Saved entries:
text \<open>The eigenvalue equation is a first-order recurrence in the coordinate, so an
  eigenvector is a multiple of the chirp, and normalisation fixes the multiple up to a phase.\<close>
lemma outer_eigenvector_displ_1:
  assumes "unit_vec d w"
    and eig: "\<forall>a<d. mat_vec d (displ d 1 j) w a = omega d ^ k * w a"
  shows "outer d w w = outer d (chirp d j k) (chirp d j k)"
proof -
  let ?v = "chirp d j k"
  have step_w: "w (b + 1) = zeta d (inv_two d * int j + int j * int b) / zeta d (int k) * w b"
    if "b + 1 < d" for b
  proof -
    have "(b + 1 + d - 1) mod d = b" using that by simp
    then show ?thesis
      using mat_vec_displ_1[OF that, of j w] eig that
      by (simp add: omega_power_eq_zeta field_simps)
  qed
  have step_v: "?v (b + 1) = zeta d (inv_two d * int j + int j * int b) / zeta d (int k) * ?v b"
    if "b + 1 < d" for b
    using chirp_step[of j b k] that by (simp add: field_simps)
  have proportional: "w b * ?v 0 = w 0 * ?v b" if "b < d" for b
    using that
  proof (induction b)
    case (Suc b)
    then show ?case using step_w[of b] step_v[of b] by simp
  qed simp
  define c where "c = w 0 / ?v 0"
  have w: "w a = c * ?v a" if "a < d" for a
    using proportional[OF that] unfolding c_def chirp_def by (simp add: field_simps)
  have "1 = inner d w w" using assms(1) unfolding unit_vec_def by simp
  also have "\<dots> = cnj c * c * inner d ?v ?v"
    unfolding inner_def sum_distrib_left by (rule sum.cong) (simp_all add: w mult_ac)
  also have "\<dots> = cnj c * c" using unit_vec_chirp unfolding unit_vec_def by simp
  finally have c: "cnj c * c = 1" by simp
  have "w a * cnj (w b) = ?v a * cnj (?v b)" if "a < d" "b < d" for a b
    using c that by (simp add: w mult_ac)
  then show ?thesis unfolding outer_def restr_def by (intro ext) auto
qed

lemma Proj_eq_outer_chirp:
  assumes "j < d"
  shows "Proj d j k = outer d (chirp d j k) (chirp d j k)"
proof -
  have "eigproj d (displ d 1 j) (omega d ^ k) = outer d (chirp d j k) (chirp d j k)"
    unfolding eigproj_def
    using unit_vec_chirp chirp_eigenvector outer_eigenvector_displ_1
    by (intro the_equality) blast+
  then show ?thesis using assms unfolding Proj_def by simp
qed

lemma Proj_entry:
  assumes "j < d"
  shows "Proj d j k a b = (if a < d \<and> b < d then
     zeta d (int j * inv_two d * (int a ^ 2 - int b ^ 2) - int k * (int a - int b)) / of_nat d
     else 0)"
proof -
  have s: "complex_of_real (sqrt (real d)) * complex_of_real (sqrt (real d)) = of_nat d"
    by (simp flip: of_real_mult)
  have "chirp d j k a * cnj (chirp d j k b) =
     zeta d (int j * inv_two d * (int a ^ 2 - int b ^ 2) - int k * (int a - int b)) / of_nat d"
    unfolding chirp_def by (simp add: cnj_zeta s zeta_add[symmetric] algebra_simps)
  then show ?thesis using Proj_eq_outer_chirp[OF assms] by (simp add: outer_def restr_def)
qed

lemma Proj_outside:
  assumes "j \<le> d" "\<not> (a < d \<and> b < d)"
  shows "Proj d j k a b = 0"
  using assms by (cases "j = d") (auto simp: Proj_basis_entry Proj_entry)

lemma prob_eq:
  assumes "j < d"
  shows "prob d phi j k = (\<Sum>a<d. \<Sum>b<d. cnj (phi a) * phi b *
      zeta d (int j * inv_two d * (int a ^ 2 - int b ^ 2) - int k * (int a - int b))) / of_nat d"
  unfolding prob_def inner_def mat_vec_def
  by (simp add: Proj_entry[OF assms] sum_distrib_left sum_divide_distrib mult_ac)

lemma cnj_prob:
  assumes "j \<le> d" "k < d"
  shows "cnj (prob d phi j k) = prob d phi j k"
proof (cases "j = d")
  case True
  then show ?thesis using assms by (simp add: prob_basis mult.commute)
next
  case False
  then have j: "j < d" using assms by simp
  define G where "G a b = cnj (phi a) * phi b *
      zeta d (int j * inv_two d * (int a ^ 2 - int b ^ 2) - int k * (int a - int b))" for a b
  have "cnj (G a b) = G b a" for a b
    unfolding G_def by (simp add: cnj_zeta algebra_simps)
  then have "cnj (\<Sum>a<d. \<Sum>b<d. G a b) = (\<Sum>a<d. \<Sum>b<d. G b a)"
    by simp
  also have "\<dots> = (\<Sum>a<d. \<Sum>b<d. G a b)" by (rule sum.swap)
  finally show ?thesis
    unfolding prob_eq[OF j] G_def[symmetric] by simp
qed

text \<open>Completing the square, using \<open>2 t \<equiv> 1 (mod d)\<close> for \<open>t = inv_two d\<close>.\<close>
lemma zeta_chirp_shift:
  "zeta d (int j * inv_two d * (int ((b + r) mod d) ^ 2 - int b ^ 2)) =
     zeta d (int j * inv_two d * int r ^ 2) * zeta d (int ((j * r) mod d) * int b)"
proof -
  define q1 where "q1 = int ((b + r) div d)"
  define q2 where "q2 = int ((j * r) div d)"
  have m: "int ((b + r) mod d) = int b + int r - int d * q1"
    unfolding q1_def by (simp add: int_mod_eq)
  have s: "int ((j * r) mod d) = int j * int r - int d * q2"
    unfolding q2_def by (simp add: int_mod_eq)
  have t: "2 * inv_two d = int d + 1" using two_mult_inv_two odd_d by simp
  show ?thesis unfolding zeta_add[symmetric]
    by (rule zeta_eqI[OF d_pos, where q = "int j * int r * int b
           - 2 * int j * inv_two d * (int b + int r) * q1 + int j * inv_two d * int d * q1 ^ 2
           + q2 * int b"])
       (use m s t in algebra)
qed

lemma prob_dft_eq:
  assumes "j < d" "r < d"
  shows "prob_dft d phi j r =
    zeta d (int j * inv_two d * int r ^ 2) * shift_clock_mean d phi r ((j * r) mod d)"
proof -
  define F where
    "F a b = cnj (phi a) * phi b * zeta d (int j * inv_two d * (int a ^ 2 - int b ^ 2))" for a b
  have "prob_dft d phi j r =
     (\<Sum>k<d. \<Sum>a<d. \<Sum>b<d. F a b * zeta d (int k * (int r - int a + int b))) / of_nat d"
    unfolding prob_dft_def prob_eq[OF assms(1)] F_def
    by (simp add: sum_distrib_left sum_divide_distrib zeta_add[symmetric] algebra_simps)
  also have "\<dots> = (\<Sum>a<d. \<Sum>b<d. F a b * (\<Sum>k<d. zeta d (int k * (int r - int a + int b)))) /
      of_nat d"
    by (subst sum_rotate3) (simp add: sum_distrib_left)
  also have "\<dots> = (\<Sum>a<d. \<Sum>b<d. if a = (b + r) mod d then F a b else 0)"
  proof -
    have "F a b * (\<Sum>k<d. zeta d (int k * (int r - int a + int b))) / of_nat d =
        (if a = (b + r) mod d then F a b else 0)" if "a < d" "b < d" for a b
      using assms that by (simp add: sum_zeta_mult dvd_iff_eq_add_mod)
    then show ?thesis by (simp add: sum_divide_distrib)
  qed
  also have "\<dots> = (\<Sum>b<d. F ((b + r) mod d) b)"
    using assms by (subst sum.swap) simp
  also have "\<dots> = zeta d (int j * inv_two d * int r ^ 2) * shift_clock_mean d phi r ((j * r) mod d)"
    unfolding shift_clock_mean_def F_def zeta_chirp_shift
    by (simp add: sum_distrib_left mult_ac)
  finally show ?thesis .
qed

lemma prob_dft_0:
  assumes "j \<le> d" "unit_vec d phi"
  shows "prob_dft d phi j 0 = 1"
proof -
  have "shift_clock_mean d phi 0 0 = 1"
    using assms(2) unfolding unit_vec_def inner_def shift_clock_mean_def by simp
  then show ?thesis
    using assms by (cases "j = d") (simp_all add: prob_dft_basis prob_dft_eq)
qed

lemma cnj_prob_dft:
  assumes "j \<le> d" "r \<le> d"
  shows "cnj (prob_dft d phi j r) = prob_dft d phi j (d - r)"
  unfolding prob_dft_def
proof (simp, intro sum.cong refl)
  fix k assume "k \<in> {..<d}"
  moreover have "zeta d (- (int k * int r)) = zeta d (int k * int (d - r))"
    by (rule zeta_eqI[OF d_pos, where q = "- int k"])
       (use assms in \<open>simp add: of_nat_diff algebra_simps\<close>)
  ultimately show "cnj (zeta d (int k * int r)) * cnj (prob d phi j k) =
      zeta d (int k * int (d - r)) * prob d phi j k"
    using cnj_prob[OF assms(1)] by (simp add: cnj_zeta)
qed

lemma norm_prob_dft_squared:
  assumes "j \<le> d" "fiducial d phi" "0 < r" "r < d"
  shows "(cmod (prob_dft d phi j r))\<^sup>2 = 1 / (real d + 1)"
proof -
  have mean: "(cmod (shift_clock_mean d phi p1 p2))\<^sup>2 = 1 / (real d + 1)"
    if "p1 < d" "p2 < d" "(p1, p2) \<noteq> (0, 0)" for p1 p2
  proof -
    have "(cmod (inner d phi (mat_vec d (displ d p1 p2) phi)))\<^sup>2 = 1 / (real d + 1)"
      using assms(2) that unfolding fiducial_def by blast
    then show ?thesis by (simp add: inner_displ_eq norm_mult)
  qed
  show ?thesis
  proof (cases "j = d")
    case True
    then show ?thesis using assms mean[of 0 r] by (simp add: prob_dft_basis)
  next
    case False
    then show ?thesis using assms mean[of r "(j * r) mod d"] by (simp add: prob_dft_eq norm_mult)
  qed
qed

text \<open>For odd \<open>d\<close> the indices \<open>r\<close> and \<open>d - r\<close> never coincide, so the phases can be chosen
  freely for \<open>2 r < d\<close> and are then forced on the other half.\<close>
lemma antisymmetric_phases_exist:
  fixes u :: "nat \<Rightarrow> complex"
  assumes norm_u: "\<And>r. r \<in> {1..d-1} \<Longrightarrow> cmod (u r) = 1"
    and u_cnj: "\<And>r. r \<in> {1..d-1} \<Longrightarrow> u (d - r) = cnj (u r)"
  shows "\<exists>\<alpha> :: nat \<Rightarrow> real. (\<forall>r\<in>{1..d-1}. \<alpha> (d - r) = - \<alpha> r) \<and>
    (\<forall>r\<in>{1..d-1}. cis (2 * pi * \<alpha> r / real d) = u r)"
proof -
  have cis_Arg_u: "cis (Arg (u r)) = u r" if "r \<in> {1..d-1}" for r
    using norm_u[OF that] cis_Arg[of "u r"] by (cases "u r = 0") (auto simp: sgn_div_norm)
  define \<alpha> where "\<alpha> r = (if 2 * r < d then real d * Arg (u r) / (2 * pi)
      else - (real d * Arg (u (d - r)) / (2 * pi)))" for r
  have "\<alpha> (d - r) = - \<alpha> r" if "r \<in> {1..d-1}" for r
  proof -
    have "2 * r \<noteq> d" using odd_d by auto
    then show ?thesis using that unfolding \<alpha>_def by auto
  qed
  moreover have "cis (2 * pi * \<alpha> r / real d) = u r" if r: "r \<in> {1..d-1}" for r
  proof (cases "2 * r < d")
    case True
    then show ?thesis using cis_Arg_u[OF r] d_pos unfolding \<alpha>_def by simp
  next
    case False
    have "d - r \<in> {1..d-1}" using r by auto
    then have "cis (2 * pi * \<alpha> r / real d) = cnj (u (d - r))"
      using False d_pos cis_Arg_u[of "d - r"] unfolding \<alpha>_def by (simp add: cis_cnj[symmetric])
    also have "\<dots> = u r" using u_cnj[OF r] by simp
    finally show ?thesis .
  qed
  ultimately show ?thesis by blast
qed
(* Let $n$ and $k$ be positive integers with $k\ge2$ and $n\ge2k+1$. Then $B_2(n,k,k+1;3)\ge 2^{n-2k+1}$.
   Context: For a prime power $q$, $\mathcal{G}_q(n,k)$ denotes the set of all $k$-dimensional subspaces of $\mathbb{F}_q^n$. An $\alpha$-$(n,k,\delta)_q^c$ covering Grassmannian code is a subset $\mathcal{C}\subseteq\mathcal{G}_q(n,k)$ (no repeated codewords) such that every set of $\alpha$ distinct codewords of $\mathcal{C}$ spans a subspace of $\mathbb{F}_q^n$ of dimension at least $k+\delta$. $B_q(n,k,\delta;\alpha)$ denotes the maximum size of an $\alpha$-$(n,k,\delta)_q^c$ code. *)

theory Defs
  imports Main "HOL.Vector_Spaces" "HOL-Library.Z2" "HOL-Library.Function_Algebras"
begin

text \<open>Vectors of F^n are represented as functions nat => F vanishing outside {0..<n}.
  Scalar multiplication is pointwise.\<close>

definition fscale :: "'a::field \<Rightarrow> (nat \<Rightarrow> 'a) \<Rightarrow> (nat \<Rightarrow> 'a)" where
  "fscale c v = (\<lambda>i. c * v i)"

definition Fvecs :: "nat \<Rightarrow> (nat \<Rightarrow> 'a::field) set" where
  "Fvecs n = {v. \<forall>i\<ge>n. v i = 0}"

abbreviation fspan :: "(nat \<Rightarrow> 'a::field) set \<Rightarrow> (nat \<Rightarrow> 'a) set" where
  "fspan S \<equiv> module.span fscale S"

abbreviation fdim :: "(nat \<Rightarrow> 'a::field) set \<Rightarrow> nat" where
  "fdim S \<equiv> vector_space.dim fscale S"

definition Grassmannian :: "'a::field itself \<Rightarrow> nat \<Rightarrow> nat \<Rightarrow> (nat \<Rightarrow> 'a) set set" where
  "Grassmannian _ n k = {V. V \<subseteq> Fvecs n \<and> module.subspace fscale V \<and> fdim V = k}"

definition covering_code :: "nat \<Rightarrow> nat \<Rightarrow> nat \<Rightarrow> nat \<Rightarrow> (nat \<Rightarrow> 'a::field) set set \<Rightarrow> bool" where
  "covering_code alpha n k delta C \<longleftrightarrow>
     C \<subseteq> Grassmannian TYPE('a) n k \<and>
     (\<forall>A. A \<subseteq> C \<and> card A = alpha \<longrightarrow> fdim (fspan (\<Union>A)) \<ge> k + delta)"
lemma linear_graph_extend_graph:
  assumes G: "linear_graph G" and z: "z \<notin> Domain G"
  shows "linear_graph (extend_graph G z c)"
proof -
  note GD = linear_graphD[OF G]
  have unique: "t = t' \<and> a = a'"
    if "(x, a) \<in> G" "(x', a') \<in> G" "x + t *\<^sub>R z = x' + t' *\<^sub>R z" for x a x' a' t t'
  proof -
    have "t = t'"
    proof (rule ccontr)
      assume "t \<noteq> t'"
      have "(x + (-1) *\<^sub>R x', a + (-1) * a') \<in> G"
        using GD(2)[OF that(1) GD(3)[OF that(2)]] .
      moreover have "x + (-1) *\<^sub>R x' = (t' - t) *\<^sub>R z"
        using that(3) by (simp add: algebra_simps)
      ultimately have "(z, (a - a') / (t' - t)) \<in> G"
        using GD(3)[of _ _ "1 / (t' - t)"] \<open>t \<noteq> t'\<close> by fastforce
      then show False
        using z by blast
    qed
    then show ?thesis
      using that GD(4) by auto
  qed
  show ?thesis
    unfolding linear_graph_def
  proof (intro conjI allI impI)
    show "(0, 0) \<in> extend_graph G z c"
      unfolding extend_graph_def using GD(1) by force
  next
    fix x a y b
    assume "(x, a) \<in> extend_graph G z c" and "(y, b) \<in> extend_graph G z c"
    then obtain x1 a1 t1 x2 a2 t2 where "(x1, a1) \<in> G" "(x2, a2) \<in> G"
      "x = x1 + t1 *\<^sub>R z" "a = a1 + t1 * c" "y = x2 + t2 *\<^sub>R z" "b = a2 + t2 * c"
      unfolding extend_graph_def by blast
    then show "(x + y, a + b) \<in> extend_graph G z c"
      unfolding extend_graph_def
      by (intro CollectI exI[of _ "x1 + x2"] exI[of _ "a1 + a2"] exI[of _ "t1 + t2"])
        (auto simp: GD(2) algebra_simps)
  next
    fix x a r
    assume "(x, a) \<in> extend_graph G z c"
    then obtain x1 a1 t1 where "(x1, a1) \<in> G" "x = x1 + t1 *\<^sub>R z" "a = a1 + t1 * c"
      unfolding extend_graph_def by blast
    moreover from this have "(r *\<^sub>R x1, r * a1) \<in> G"
      using GD(3) by blast
    ultimately show "(r *\<^sub>R x, r * a) \<in> extend_graph G z c"
      unfolding extend_graph_def
      by (intro CollectI exI[of _ "r *\<^sub>R x1"] exI[of _ "r * a1"] exI[of _ "r * t1"])
        (simp add: algebra_simps)
  next
    fix x a b
    assume "(x, a) \<in> extend_graph G z c" and "(x, b) \<in> extend_graph G z c"
    then show "a = b"
      unfolding extend_graph_def using unique by blast
  qed
qed
(* Let $k_1,\dots,k_i$ be positive integers with $k_1+\dots+k_i=2k$ and let $c=(i_1,j_1),\dots,(i_k,j_k)$ be an oriented chord diagram on $\{1,\dots,2k\}$. Then, as elements of the graph space $\mathcal{G}$ (where $(\Gamma,-\omega)=-(\Gamma,\omega)$): (i) if $\tau=(i_r\ j_r)\in S_{2k}$ for some $1\le r\le k$, then $\Gamma_{k_1,\dots,k_i}(\tau\cdot c)=-\Gamma_{k_1,\dots,k_i}(c)$; (ii) if $\sigma=(\sigma_1,\dots,\sigma_i)\in S_{k_1}\times\dots\times S_{k_i}\subset S_{2k}$ (each $\sigma_r$ permuting the $r$-th consecutive block of $\{1,\dots,2k\}$ of size $k_r$), then $\Gamma_{k_1,\dots,k_i}(\sigma\cdot c)=\Gamma_{k_1,\dots,k_i}(c)$; (iii) if $\sigma\in S_i$, then $\Gamma_{k_{\sigma(1)},\dots,k_{\sigma(i)}}\big((\sigma_{(k_1,\dots,k_i)})^{-1}\cdot c\big)=\operatorname{sgn}(\sigma)\,\Gamma_{k_1,\dots,k_i}(c)$.
   Context: $S_{2k}$ acts on oriented chord diagrams by $\sigma\cdot((i_1,j_1),\dots,(i_k,j_k))=((\sigma(i_1),\sigma(j_1)),\dots,(\sigma(i_k),\sigma(j_k)))$. For $\sigma\in S_i$, let $B_1,\dots,B_i$ be the consecutive blocks of $\{1,\dots,2k\}$ of sizes $k_1,\dots,k_i$ and $B'_1,\dots,B'_i$ the consecutive blocks of sizes $k_{\sigma(1)},\dots,k_{\sigma(i)}$; $\sigma_{(k_1,\dots,k_i)}\in S_{2k}$ maps the $a$-th element of $B'_t$ to the $a$-th element of $B_{\sigma(t)}$ (the block permutation $V^{\otimes k_1}\otimes\cdots\otimes V^{\otimes k_i}\to V^{\otimes k_{\sigma(1)}}\otimes\cdots\otimes V^{\otimes k_{\sigma(i)}}$). Oriented graph $\Gamma_{k_1,\dots,k_i}(c)$: half-edges $h_1,\dots,h_{2k}$; vertices $\{h_1,\dots,h_{k_1}\},\{h_{k_1+1},\dots,h_{k_1+k_2}\},\dots,\{h_{k_1+\dots+k_{i-1}+1},\dots,h_{2k}\}$; edges $(h_{i_1},h_{j_1}),\dots,(h_{i_k},h_{j_k})$; orientation given by the vertex ordering as listed and the edge orientations as listed. Graphs, orientations and the space $\mathcal{G}$: a graph is a finite set of half-edges with a partition into vertices and a partition into two-element edges; an orientation is a class of (vertex ordering, ordering within each edge) modulo simultaneous changes of total sign $+1$ (sign of the vertex permutation times $(-1)$ per flipped edge); $\mathcal{G}$ is spanned by isomorphism classes of oriented graphs modulo $(\Gamma,-\omega)=-(\Gamma,\omega)$. *)

theory Defs
  imports "HOL-Combinatorics.Combinatorics"
begin

(* A representative is a pair (V, E):
   V is the list of vertices (each a set of half-edges), the list order being
   the vertex ordering; E is the set of edges, each written as an ordered pair
   (the ordering within the edge). *)
type_synonym ograph = "nat set list \<times> (nat \<times> nat) set"

definition halfedges :: "ograph \<Rightarrow> nat set" where
  "halfedges g = \<Union> (set (fst g))"

definition valid_graph :: "ograph \<Rightarrow> bool" where
  "valid_graph g \<longleftrightarrow>
     (let V = fst g; E = snd g; H = halfedges g in
        (\<forall>v\<in>set V. finite v \<and> v \<noteq> {}) \<and>
        (\<forall>i<length V. \<forall>j<length V. i \<noteq> j \<longrightarrow> V ! i \<inter> V ! j = {}) \<and>
        (\<forall>e\<in>E. fst e \<noteq> snd e \<and> fst e \<in> H \<and> snd e \<in> H) \<and>
        (\<forall>h\<in>H. \<exists>!e\<in>E. fst e = h \<or> snd e = h))"

(* iso_sign g g' s: there is an isomorphism of underlying graphs g -> g'
   carrying the orientation of g to s times the orientation of g'
   (s = sign of the induced vertex permutation times (-1)^(flipped edges)). *)
definition iso_sign :: "ograph \<Rightarrow> ograph \<Rightarrow> rat \<Rightarrow> bool" where
  "iso_sign g g' s \<longleftrightarrow> valid_graph g \<and> valid_graph g' \<and>
     length (fst g') = length (fst g) \<and>
     (\<exists>f \<pi>. bij_betw f (halfedges g) (halfedges g') \<and>
        \<pi> permutes {..<length (fst g)} \<and>
        (\<forall>i<length (fst g). f ` (fst g ! i) = fst g' ! \<pi> i) \<and>
        (\<forall>e\<in>snd g. (f (fst e), f (snd e)) \<in> snd g' \<or> (f (snd e), f (fst e)) \<in> snd g') \<and>
        s = of_int (sign \<pi>) * (-1) ^ card {e\<in>snd g. (f (snd e), f (fst e)) \<in> snd g'})"

definition delta :: "ograph \<Rightarrow> ograph \<Rightarrow> rat" where
  "delta g x = (if x = g then 1 else 0)"

(* The relations defining the graph space: G = Q<representatives> / Grel.
   Identifying [g] = s [g'] whenever iso_sign g g' s covers both passing to
   isomorphism classes of oriented graphs (s = 1) and (G,-w) = -(G,w). *)
inductive_set Grel :: "(ograph \<Rightarrow> rat) set" where
  zero: "(\<lambda>_. 0) \<in> Grel"
| gen: "iso_sign g g' s \<Longrightarrow> (\<lambda>x. delta g x - s * delta g' x) \<in> Grel"
| add: "a \<in> Grel \<Longrightarrow> b \<in> Grel \<Longrightarrow> (\<lambda>x. a x + b x) \<in> Grel"
| smult: "a \<in> Grel \<Longrightarrow> (\<lambda>x. r * a x) \<in> Grel"

definition G_eq :: "ograph \<Rightarrow> rat \<Rightarrow> ograph \<Rightarrow> bool" where
  "G_eq g s h \<longleftrightarrow> (\<lambda>x. delta g x - s * delta h x) \<in> Grel"

definition chord_diagram :: "nat \<Rightarrow> (nat \<times> nat) list \<Rightarrow> bool" where
  "chord_diagram k c \<longleftrightarrow> length c = k \<and>
     distinct (concat (map (\<lambda>(a, b). [a, b]) c)) \<and>
     set (concat (map (\<lambda>(a, b). [a, b]) c)) = {1..2 * k}"

definition act :: "(nat \<Rightarrow> nat) \<Rightarrow> (nat \<times> nat) list \<Rightarrow> (nat \<times> nat) list" where
  "act \<sigma> c = map (\<lambda>(a, b). (\<sigma> a, \<sigma> b)) c"

(* start of the t-th consecutive block (0-based t) and the block itself *)
definition bstart :: "nat list \<Rightarrow> nat \<Rightarrow> nat" where
  "bstart ks t = sum_list (take t ks)"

● What you have to do:
Copy only the entries from the first line to the line with "w w = outer", each exactly as it appears.

● Task solution:
text \<open>The eigenvalue equation is a first-order recurrence in the coordinate, so an
  eigenvector is a multiple of the chirp, and normalisation fixes the multiple up to a phase.\<close>
lemma outer_eigenvector_displ_1:
  assumes "unit_vec d w"
    and eig: "\<forall>a<d. mat_vec d (displ d 1 j) w a = omega d ^ k * w a"
  shows "outer d w w = outer d (chirp d j k) (chirp d j k)"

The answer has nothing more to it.